== Material provided
section \<open>Dilations, quasi-balls and polar coordinates\<close>

lemma dil_dil: "r \<ge> 0 \<Longrightarrow> s \<ge> 0 \<Longrightarrow> dil \<nu> r (dil \<nu> s x) = dil \<nu> (r * s) x"
  by (simp add: dil_def vec_eq_iff powr_mult)

lemma dil_1 [simp]: "dil \<nu> 1 x = x"
  by (simp add: dil_def vec_eq_iff)

lemma dil_0 [simp]: "dil \<nu> 0 x = 0"
  by (simp add: dil_def vec_eq_iff)

lemma linear_dil: "linear (dil \<nu> r)"
  by (rule linearI) (simp_all add: dil_def vec_eq_iff algebra_simps)

lemma dil_eq_sum_axis: "dil \<nu> r y = (\<Sum>i\<in>UNIV. (r powr \<nu> i * y $ i) *\<^sub>R axis i 1)"
  by (simp add: vec_eq_iff dil_def axis_def if_distrib cong: if_cong)

lemma has_derivative_dil_scale:
  assumes "r > 0"
  shows "((\<lambda>s. dil \<nu> s y) has_derivative
    (\<lambda>h. \<Sum>i\<in>UNIV. (h * (\<nu> i * r powr (\<nu> i - 1) * y $ i)) *\<^sub>R axis i 1)) (at r)"
  unfolding dil_eq_sum_axis using assms
  by (auto intro!: derivative_eq_intros ext sum.cong simp: powr_diff)

lemma continuous_on_dil_scale:
  assumes "\<forall>i. \<nu> i > 0"
  shows "continuous_on {0..} (\<lambda>r. dil \<nu> r x)"
proof -
  have "continuous_on {0..} (\<lambda>r. r powr \<nu> i * x $ i)" for i
    using assms by (intro continuous_on_mult_right continuous_on_powr' continuous_intros) auto
  thus ?thesis unfolding dil_def by (intro continuous_on_vec_lambda)
qed

lemma
  assumes "hom_quasi_norm \<nu> N"
  shows quasi_norm_dil: "r > 0 \<Longrightarrow> N (dil \<nu> r x) = r * N x"
    and quasi_norm_pos: "x \<noteq> 0 \<Longrightarrow> N x > 0"
    and quasi_norm_nonneg: "N x \<ge> 0"
    and continuous_quasi_norm: "continuous_on UNIV N"
  using assms unfolding hom_quasi_norm_def by (auto simp: order_le_less)

lemma quasi_norm_borel: "hom_quasi_norm \<nu> N \<Longrightarrow> N \<in> borel_measurable borel"
  using continuous_quasi_norm by (auto intro: borel_measurable_continuous_onI)

lemma quasi_norm_normalize:
  assumes "hom_quasi_norm \<nu> N" and "x \<noteq> 0"
  shows "N (dil \<nu> (1 / N x) x) = 1"
  using quasi_norm_dil[OF assms(1), of "1 / N x" x] quasi_norm_pos[OF assms] by simp

text \<open>The minimum of \<open>N\<close> on the Euclidean unit sphere will do: every point outside the unit
  ball is dilated onto the sphere by a factor \<open>\<le> 1\<close>.\<close>

lemma quasi_norm_ge_outside_ball:
  assumes hq: "hom_quasi_norm \<nu> N" and nu: "\<forall>i. \<nu> i > 0"
  obtains m where "m > 0" "\<And>x. norm x \<ge> 1 \<Longrightarrow> N x \<ge> m"
proof -
  let ?S = "sphere (0::real^'a) 1"
  have "continuous_on ?S N" using continuous_quasi_norm[OF hq] continuous_on_subset by blast
  then obtain z where z: "z \<in> ?S" "\<And>y. y \<in> ?S \<Longrightarrow> N z \<le> N y"
    using continuous_attains_inf[of ?S N] by auto
  show ?thesis
  proof (rule that)
    show "N z > 0" using z by (intro quasi_norm_pos[OF hq]) auto
    fix x :: "real^'a" assume x: "norm x \<ge> 1"
    have "continuous_on {0..1} (\<lambda>r. norm (dil \<nu> r x))"
      by (intro continuous_on_norm continuous_on_subset[OF continuous_on_dil_scale[OF nu]]) auto
    then obtain r where r: "0 \<le> r" "r \<le> 1" "norm (dil \<nu> r x) = 1"
      using IVT'[of "\<lambda>r. norm (dil \<nu> r x)" 0 1 1] x by auto
    have "r > 0" using r by (cases "r = 0") auto
    have "N z \<le> N (dil \<nu> r x)" using z r by simp
    also have "\<dots> = r * N x" using quasi_norm_dil[OF hq \<open>r > 0\<close>] .
    also have "\<dots> \<le> N x" using r quasi_norm_nonneg[OF hq, of x] by (simp add: mult_left_le_one_le)
    finally show "N z \<le> N x" .
  qed
qed

lemma bounded_quasi_ball:
  assumes hq: "hom_quasi_norm \<nu> N" and nu: "\<forall>i. \<nu> i > 0"
  shows "bounded {x. N x < R}"
proof (cases "R > 0")
  case False
  hence "{x. N x < R} = {}" using quasi_norm_nonneg[OF hq] by (auto simp: not_less intro: order_trans)
  thus ?thesis by simp
next
  case True
  obtain m where m: "m > 0" "\<And>x. norm x \<ge> 1 \<Longrightarrow> N x \<ge> m"
    using quasi_norm_ge_outside_ball[OF hq nu] by blast
  have "{x. N x < R} \<subseteq> dil \<nu> (R / m) ` ball 0 1"
  proof
    fix y assume y: "y \<in> {x. N x < R}"
    define z where "z = dil \<nu> (m / R) y"
    have "N z = m / R * N y" using m True by (simp add: z_def quasi_norm_dil[OF hq])
    also have "\<dots> < m" using y m True by (simp add: field_simps)
    finally have "N z < m" .
    hence "norm z < 1" using m(2)[of z] by (meson not_less)
    moreover have "y = dil \<nu> (R / m) z" unfolding z_def using m True by (simp add: dil_dil)
    ultimately show "y \<in> dil \<nu> (R / m) ` ball 0 1" by auto
  qed
  moreover have "bounded (dil \<nu> (R / m) ` ball 0 1)"
    by (intro bounded_linear_image linear_dil[THEN linear_conv_bounded_linear[THEN iffD1]]) auto
  ultimately show ?thesis using bounded_subset by blast
qed
(* Let $\mathcal{B}$ be a finite relational structure with domain $B$ and let $b\in B$ be such that the shop $\forall_b$ is a she of $\mathcal{B}$. Let $\varphi(u,v_1,\ldots,v_k)$ be a formula of $\{\exists,\forall,\wedge,\vee\}$-FO. Then for all $x_1,\ldots,x_k\in B$: $\mathcal{B}\models\forall u\,\varphi(u,x_1,\ldots,x_k)$ if and only if $\mathcal{B}\models\varphi(b,x_1,\ldots,x_k)$.
   Context: $\{\exists,\forall,\wedge,\vee\}$-FO is the positive equality-free fragment of first-order logic over the signature of $\mathcal{B}$: formulas built from atomic formulas $R(w_1,\ldots,w_r)$ using only $\wedge,\vee,\exists,\forall$. A shop on $B$ is a map $f:B\to\mathcal{P}(B)\setminus\{\emptyset\}$ such that every $y\in B$ lies in some $f(x)$. A she of $\mathcal{B}$ is a shop $f$ such that for every relation $R$ of $\mathcal{B}$ of arity $i$, if $\mathcal{B}\models R(x_1,\ldots,x_i)$ then $\mathcal{B}\models R(y_1,\ldots,y_i)$ for all $y_j\in f(x_j)$. The shop $\forall_b$ is defined by $\forall_b(b)=B$ and $\forall_b(x)=\{x\}$ for $x\neq b$. *)

theory Defs
  imports Main
begin

definition rel_structure :: "'a set \<Rightarrow> ('r \<Rightarrow> nat) \<Rightarrow> ('r \<Rightarrow> 'a list set) \<Rightarrow> bool" where
  "rel_structure B ar Rel \<longleftrightarrow> B \<noteq> {} \<and>
     (\<forall>R. \<forall>xs\<in>Rel R. length xs = ar R \<and> set xs \<subseteq> B)"

datatype 'r pfo =
    Atom 'r "nat list"
  | Conj "'r pfo" "'r pfo"
  | Disj "'r pfo" "'r pfo"
  | Ex nat "'r pfo"
  | All nat "'r pfo"

fun fv :: "'r pfo \<Rightarrow> nat set" where
  "fv (Atom R ws) = set ws"
| "fv (Conj p q) = fv p \<union> fv q"
| "fv (Disj p q) = fv p \<union> fv q"
| "fv (Ex x p) = fv p - {x}"
| "fv (All x p) = fv p - {x}"

fun wf_pfo :: "('r \<Rightarrow> nat) \<Rightarrow> 'r pfo \<Rightarrow> bool" where
  "wf_pfo ar (Atom R ws) = (length ws = ar R)"
| "wf_pfo ar (Conj p q) = (wf_pfo ar p \<and> wf_pfo ar q)"
| "wf_pfo ar (Disj p q) = (wf_pfo ar p \<and> wf_pfo ar q)"
| "wf_pfo ar (Ex x p) = wf_pfo ar p"
| "wf_pfo ar (All x p) = wf_pfo ar p"

fun sat :: "'a set \<Rightarrow> ('r \<Rightarrow> 'a list set) \<Rightarrow> 'r pfo \<Rightarrow> (nat \<Rightarrow> 'a) \<Rightarrow> bool" where
  "sat B Rel (Atom R ws) s = (map s ws \<in> Rel R)"
| "sat B Rel (Conj p q) s = (sat B Rel p s \<and> sat B Rel q s)"
| "sat B Rel (Disj p q) s = (sat B Rel p s \<or> sat B Rel q s)"
| "sat B Rel (Ex x p) s = (\<exists>a\<in>B. sat B Rel p (s(x := a)))"
| "sat B Rel (All x p) s = (\<forall>a\<in>B. sat B Rel p (s(x := a)))"

definition shop :: "'a set \<Rightarrow> ('a \<Rightarrow> 'a set) \<Rightarrow> bool" where
  "shop B f \<longleftrightarrow> (\<forall>x\<in>B. f x \<noteq> {} \<and> f x \<subseteq> B) \<and> (\<forall>y\<in>B. \<exists>x\<in>B. y \<in> f x)"

definition she :: "'a set \<Rightarrow> ('r \<Rightarrow> 'a list set) \<Rightarrow> ('a \<Rightarrow> 'a set) \<Rightarrow> bool" where
  "she B Rel f \<longleftrightarrow> shop B f \<and>
     (\<forall>R. \<forall>xs\<in>Rel R. \<forall>ys. length ys = length xs \<and> (\<forall>j<length xs. ys ! j \<in> f (xs ! j))
        \<longrightarrow> ys \<in> Rel R)"

definition forall_shop :: "'a set \<Rightarrow> 'a \<Rightarrow> 'a \<Rightarrow> 'a set" where
  "forall_shop B b x = (if x = b then B else {x})"

end

theory Submission
  imports Defs
begin

text \<open>Satisfaction of positive equality-free formulas is preserved when every variable is
  moved from its value x to any element of f x, for a she f. The she \<open>\<forall>\<^sub>b\<close> may move
  the value b of u to an arbitrary element while fixing all other values, so truth at u = b
  spreads to every value of u.\<close>

lemma sat_she_transfer:
  assumes she: "she B Rel f"
    and "sat B Rel \<phi> s" and "\<forall>i. s' i \<in> f (s i)"
  shows "sat B Rel \<phi> s'"
  using assms(2,3)
proof (induction \<phi> arbitrary: s s')
  case (Atom R ws)
  then have "map s ws \<in> Rel R" and "\<forall>j<length (map s ws). map s' ws ! j \<in> f (map s ws ! j)"
    by simp_all
  then have "map s' ws \<in> Rel R"
    using she unfolding she_def by (metis length_map)
  then show ?case by simp
next
  case (Conj p q)
  then show ?case by (metis sat.simps(2))
next
  case (Disj p q)
  then show ?case by (metis sat.simps(3))
next
  case (Ex x p)
  from Ex.prems(1) obtain a where a: "a \<in> B" "sat B Rel p (s(x := a))" by auto
  with she obtain a' where "a' \<in> f a" "a' \<in> B"
    unfolding she_def shop_def by blast
  moreover have "sat B Rel p (s'(x := a'))"
    using Ex.IH[OF a(2)] Ex.prems(2) \<open>a' \<in> f a\<close> by simp
  ultimately show ?case by auto
next
  case (All x p)
  show ?case
  proof (simp, intro ballI)
    fix a' assume "a' \<in> B"
    with she obtain a where a: "a \<in> B" "a' \<in> f a"
      unfolding she_def shop_def by blast
    with All.prems(1) have "sat B Rel p (s(x := a))" by simp
    moreover have "\<forall>i. (s'(x := a')) i \<in> f ((s(x := a)) i)"
      using All.prems(2) a(2) by simp
    ultimately show "sat B Rel p (s'(x := a'))" by (rule All.IH)
  qed
qed

lemma fun_upd_in_forall_shop:
  assumes "\<forall>i. s i \<in> B" and "a \<in> B" and "b \<in> B"
  shows "\<forall>i. (s(u := a)) i \<in> forall_shop B b ((s(u := b)) i)"
  using assms by (simp add: forall_shop_def)

theorem lemma3p1:
  fixes B :: "'a set" and ar :: "'r \<Rightarrow> nat" and Rel :: "'r \<Rightarrow> 'a list set"
    and b :: 'a and \<phi> :: "'r pfo" and u :: nat and vs :: "nat list"
  assumes "rel_structure B ar Rel" and "finite B"
    and "b \<in> B" and "she B Rel (forall_shop B b)"
    and "wf_pfo ar \<phi>" and "u \<notin> set vs" and "distinct vs"
    and "fv \<phi> \<subseteq> insert u (set vs)"
  shows "\<forall>s. (\<forall>i. s i \<in> B) \<longrightarrow>
           ((\<forall>a\<in>B. sat B Rel \<phi> (s(u := a))) \<longleftrightarrow> sat B Rel \<phi> (s(u := b)))"
proof (intro allI impI iffI ballI)
  fix s assume "\<forall>a\<in>B. sat B Rel \<phi> (s(u := a))"
  then show "sat B Rel \<phi> (s(u := b))" using \<open>b \<in> B\<close> by blast
next
  fix s a assume "\<forall>i. s i \<in> B" "sat B Rel \<phi> (s(u := b))" "a \<in> B"
  then show "sat B Rel \<phi> (s(u := a))"
    using sat_she_transfer[OF assms(4)] fun_upd_in_forall_shop[OF _ _ \<open>b \<in> B\<close>] by metis
qed

end
(* Let $(X,d)$ be a complete metric space and $\mathcal S$ a semigroup such that the action $(\mathcal S,X)$ is strong-orbit $k$-Lipschitzian with $k<\kappa(X)$. Then either all the orbits are unbounded or there exists $x\in X$ such that $sx=x$ for all $s\in\mathcal S$.
   Context: A semigroup action is a map $\mathcal S\times X\to X$, $(s,x)\mapsto sx$, with $(st)x=s(tx)$. The orbit of $x$ is $o(x)=\{x\}\cup\{sx:s\in\mathcal S\}$; for nonempty $C\subseteq X$, $D(x,C)=\sup\{d(x,y):y\in C\}$. The action is strong-orbit $k$-Lipschitzian ($k>0$) if $D(sx,o(sy))\le k\,D(x,o(y))$ for all $s\in\mathcal S$, $x,y\in X$. $B(x,r)$ denotes the closed ball. For $c\ge1$, balls in $X$ are $c$-regular if for every $k'<c$ there are $\mu,\alpha\in(0,1)$ such that for all $x,y\in X$ and $r>0$ with $d(x,y)\ge(1-\mu)r$ there exists $z\in X$ with $B(x,(1+\mu)r)\cap B(y,k'(1+\mu)r)\subseteq B(z,\alpha r)$. The Lifschitz characteristic is $\kappa(X)=\sup\{c\ge1:\text{balls in }X\text{ are }c\text{-regular}\}$. *)

theory Defs
  imports "HOL-Analysis.Analysis" "HOL-Library.Extended_Real"
begin

definition is_action :: "('b::semigroup_mult \<Rightarrow> 'a \<Rightarrow> 'a) \<Rightarrow> bool" where
  "is_action act \<longleftrightarrow> (\<forall>s t x. act (s * t) x = act s (act t x))"

definition orbit :: "('b \<Rightarrow> 'a \<Rightarrow> 'a) \<Rightarrow> 'a \<Rightarrow> 'a set" where
  "orbit act x = insert x (range (\<lambda>s. act s x))"

definition Dsup :: "'a::metric_space \<Rightarrow> 'a set \<Rightarrow> ereal" where
  "Dsup x C = (SUP y\<in>C. ereal (dist x y))"

definition strong_orbit_lipschitzian :: "real \<Rightarrow> ('b \<Rightarrow> 'a::metric_space \<Rightarrow> 'a) \<Rightarrow> bool" where
  "strong_orbit_lipschitzian k act \<longleftrightarrow> k > 0 \<and>
     (\<forall>s x y. Dsup (act s x) (orbit act (act s y)) \<le> ereal k * Dsup x (orbit act y))"

definition balls_regular :: "'a::metric_space itself \<Rightarrow> real \<Rightarrow> bool" where
  "balls_regular _ c \<longleftrightarrow> (\<forall>k'<c. \<exists>\<mu> \<alpha>. 0 < \<mu> \<and> \<mu> < 1 \<and> 0 < \<alpha> \<and> \<alpha> < 1 \<and>
     (\<forall>(x::'a) y r. r > 0 \<and> dist x y \<ge> (1 - \<mu>) * r \<longrightarrow>
        (\<exists>z. cball x ((1 + \<mu>) * r) \<inter> cball y (k' * (1 + \<mu>) * r) \<subseteq> cball z (\<alpha> * r))))"

definition lifschitz_char :: "'a::metric_space itself \<Rightarrow> ereal" where
  "lifschitz_char T = Sup (ereal ` {c. c \<ge> 1 \<and> balls_regular T c})"

end

theory Submission
  imports Defs
begin

text \<open>
  Let \<open>r(y)\<close> be the Chebyshev radius of the orbit of \<open>y\<close> and let \<open>o(y) \<subseteq> B(z, (1 + \<mu>) r(y))\<close>.
  Either every \<open>s\<close> moves \<open>z\<close> by less than \<open>(1 - \<mu>) r(y)\<close>, and then \<open>r(z) \<le> (1 - \<mu>) r(y)\<close>;
  or some \<open>s\<close> moves \<open>z\<close> at least that far, and then \<open>o(sy)\<close> lies in
  \<open>B(z, (1 + \<mu>) r(y)) \<inter> B(sz, k (1 + \<mu>) r(y))\<close> by the Lipschitz condition, so regularity of
  balls gives \<open>r(sy) \<le> \<alpha> r(y)\<close>. Either way a step of length at most \<open>4 r(y)\<close> shrinks the
  orbit radius by the factor \<open>max \<alpha> (1 - \<mu>) < 1\<close>. Iterating from a bounded orbit gives a
  Cauchy sequence, and the Lipschitz condition shows that its limit is fixed by every \<open>s\<close>.
\<close>

text \<open>For unbounded \<open>A\<close> the infimum is taken over the empty set, so the value is junk.\<close>
definition chebyshev_radius :: "'a::metric_space set \<Rightarrow> real" where
  "chebyshev_radius A = Inf {r. 0 \<le> r \<and> (\<exists>z. A \<subseteq> cball z r)}"

lemma chebyshev_radius_le:
  assumes "A \<subseteq> cball z r" "0 \<le> r"
  shows "chebyshev_radius A \<le> r"
  unfolding chebyshev_radius_def
  by (rule cInf_lower) (use assms in \<open>auto intro!: bdd_belowI[where m = 0]\<close>)

lemma chebyshev_radius_nonneg:
  assumes "bounded A"
  shows "0 \<le> chebyshev_radius A"
  unfolding chebyshev_radius_def
  by (rule cInf_greatest) (use assms in \<open>auto simp: bounded_subset_cball\<close>)

lemma chebyshev_radius_covers:
  assumes "bounded A" "chebyshev_radius A < r"
  obtains z where "A \<subseteq> cball z r"
proof -
  have "{r. 0 \<le> r \<and> (\<exists>z. A \<subseteq> cball z r)} \<noteq> {}"
    using assms(1) by (auto simp: bounded_subset_cball)
  from cInf_lessD[OF this assms(2)[unfolded chebyshev_radius_def]]
  obtain r' z where "r' < r" "A \<subseteq> cball z r'"
    by auto
  then show thesis
    using that subset_cball[of r' r z] by auto
qed

lemma dist_le_chebyshev_radius:
  assumes "bounded A" "a \<in> A" "b \<in> A"
  shows "dist a b \<le> 2 * chebyshev_radius A"
proof -
  have "dist a b / 2 \<le> r" if r: "chebyshev_radius A < r" for r
  proof -
    obtain z where "A \<subseteq> cball z r"
      using chebyshev_radius_covers[OF assms(1) r] .
    then have "dist z a \<le> r" "dist z b \<le> r"
      using assms(2,3) by auto
    then show ?thesis
      using dist_triangle3[of a b z] by linarith
  qed
  then have "dist a b / 2 \<le> chebyshev_radius A"
    by (rule dense_ge)
  then show ?thesis
    by linarith
qed

lemma Cauchy_if_summable_dist:
  fixes z :: "nat \<Rightarrow> 'a::metric_space"
  assumes "summable d" and "\<And>n. dist (z n) (z (Suc n)) \<le> d n"
  shows "Cauchy z"
proof (rule metric_CauchyI)
  have chain: "dist (z m) (z n) \<le> sum d {m..<n}" if "m \<le> n" for m n
    using that
  proof (induction n rule: dec_induct)
    case (step n)
    have "dist (z m) (z (Suc n)) \<le> dist (z m) (z n) + dist (z n) (z (Suc n))"
      by (rule dist_triangle)
    then show ?case
      using step.IH step.hyps assms(2)[of n] by simp
  qed simp
  fix e :: real
  assume "0 < e"
  then obtain N where N: "\<forall>m\<ge>N. \<forall>n. norm (sum d {m..<n}) < e"
    using assms(1) summable_Cauchy by blast
  have close: "dist (z m) (z n) < e" if "N \<le> m" "m \<le> n" for m n
  proof -
    have "\<bar>sum d {m..<n}\<bar> < e"
      using N \<open>N \<le> m\<close> by simp
    then show ?thesis
      using chain[OF \<open>m \<le> n\<close>] abs_ge_self[of "sum d {m..<n}"] by linarith
  qed
  show "\<exists>M. \<forall>m\<ge>M. \<forall>n\<ge>M. dist (z m) (z n) < e"
  proof (intro exI allI impI)
    fix m n
    assume "N \<le> m" "N \<le> n"
    then show "dist (z m) (z n) < e"
      using close[of m n] close[of n m] by (cases "m \<le> n") (auto simp: dist_commute)
  qed
qed

lemma convergent_descent_sequence:
  fixes \<rho> :: "'a::complete_space \<Rightarrow> real"
  assumes \<beta>: "0 \<le> \<beta>" "\<beta> < 1"
    and descent: "\<And>y. P y \<Longrightarrow> \<exists>y'. P y' \<and> \<rho> y' \<le> \<beta> * \<rho> y \<and> dist y y' \<le> C * \<rho> y"
    and nonneg: "\<And>y. P y \<Longrightarrow> 0 \<le> \<rho> y"
    and "P y0"
  obtains Y w where "\<And>n. P (Y n)" "(\<lambda>n. \<rho> (Y n)) \<longlonglongrightarrow> 0" "Y \<longlonglongrightarrow> w"
proof -
  from descent have "\<forall>y. \<exists>y'. P y \<longrightarrow> P y' \<and> \<rho> y' \<le> \<beta> * \<rho> y \<and> dist y y' \<le> C * \<rho> y"
    by blast
  then obtain f where f: "\<forall>y. P y \<longrightarrow> P (f y) \<and> \<rho> (f y) \<le> \<beta> * \<rho> y \<and> dist y (f y) \<le> C * \<rho> y"
    by (rule choice[THEN exE])
  define Y where "Y n = (f ^^ n) y0" for n
  have Y_Suc: "Y (Suc n) = f (Y n)" for n
    by (simp add: Y_def)
  have Y: "P (Y n) \<and> \<rho> (Y n) \<le> \<beta> ^ n * \<rho> y0" for n
  proof (induction n)
    case 0
    then show ?case
      using \<open>P y0\<close> by (simp add: Y_def)
  next
    case (Suc n)
    then have "P (Y (Suc n))" "\<rho> (Y (Suc n)) \<le> \<beta> * \<rho> (Y n)"
      using f by (simp_all add: Y_Suc)
    moreover have "\<beta> * \<rho> (Y n) \<le> \<beta> * (\<beta> ^ n * \<rho> y0)"
      using Suc \<beta> by (intro mult_left_mono) auto
    ultimately show ?case
      by simp
  qed
  have geometric: "(\<lambda>n. \<beta> ^ n * \<rho> y0) \<longlonglongrightarrow> 0"
    using \<beta> by (intro tendsto_mult_left_zero LIMSEQ_power_zero) auto
  have radii: "(\<lambda>n. \<rho> (Y n)) \<longlonglongrightarrow> 0"
    by (rule real_tendsto_sandwich[OF always_eventually always_eventually tendsto_const geometric])
      (use Y nonneg in auto)
  have "dist (Y n) (Y (Suc n)) \<le> \<bar>C\<bar> * \<rho> y0 * \<beta> ^ n" for n
  proof -
    have "dist (Y n) (Y (Suc n)) \<le> C * \<rho> (Y n)"
      using f Y[of n] by (simp add: Y_Suc)
    also have "\<dots> \<le> \<bar>C\<bar> * (\<beta> ^ n * \<rho> y0)"
      using Y[of n] nonneg[of "Y n"] abs_ge_self[of C] by (intro mult_mono) auto
    finally show ?thesis
      by (simp add: ac_simps)
  qed
  moreover have "summable (\<lambda>n. \<bar>C\<bar> * \<rho> y0 * \<beta> ^ n)"
    using \<beta> by (intro summable_mult summable_geometric) auto
  ultimately have "Cauchy Y"
    by (intro Cauchy_if_summable_dist)
  then obtain w where "Y \<longlonglongrightarrow> w"
    using Cauchy_convergent convergent_def by blast
  then show thesis
    using that Y radii by blast
qed

lemma orbit_self: "x \<in> orbit act x"
  by (simp add: orbit_def)

lemma act_in_orbit: "act s x \<in> orbit act x"
  by (simp add: orbit_def)

lemma orbit_act_subset:
  assumes "is_action act"
  shows "orbit act (act s x) \<subseteq> orbit act x"
  using assms by (auto simp: orbit_def is_action_def) (metis rangeI)

lemma strong_orbit_lipschitzian_cball:
  assumes L: "strong_orbit_lipschitzian k act" and "orbit act y \<subseteq> cball x r"
  shows "orbit act (act s y) \<subseteq> cball (act s x) (k * r)"
proof
  fix q
  assume q: "q \<in> orbit act (act s y)"
  from L have "0 < k"
    and D: "Dsup (act s x) (orbit act (act s y)) \<le> ereal k * Dsup x (orbit act y)"
    by (auto simp: strong_orbit_lipschitzian_def)
  have "Dsup x (orbit act y) \<le> ereal r"
    using assms(2) unfolding Dsup_def by (intro SUP_least) auto
  have "ereal (dist (act s x) q) \<le> Dsup (act s x) (orbit act (act s y))"
    using q unfolding Dsup_def by (rule SUP_upper)
  also have "\<dots> \<le> ereal k * Dsup x (orbit act y)"
    by (rule D)
  also have "\<dots> \<le> ereal k * ereal r"
    using \<open>0 < k\<close> \<open>Dsup x (orbit act y) \<le> ereal r\<close> by (intro ereal_mult_left_mono) auto
  finally show "q \<in> cball (act s x) (k * r)"
    by simp
qed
====
[Problem] Lines in the records above that carry the word "thus" are to be located and copied.

[Answer to this exercise]
  thus ?thesis unfolding dil_def by (intro continuous_on_vec_lambda)
  thus ?thesis by simp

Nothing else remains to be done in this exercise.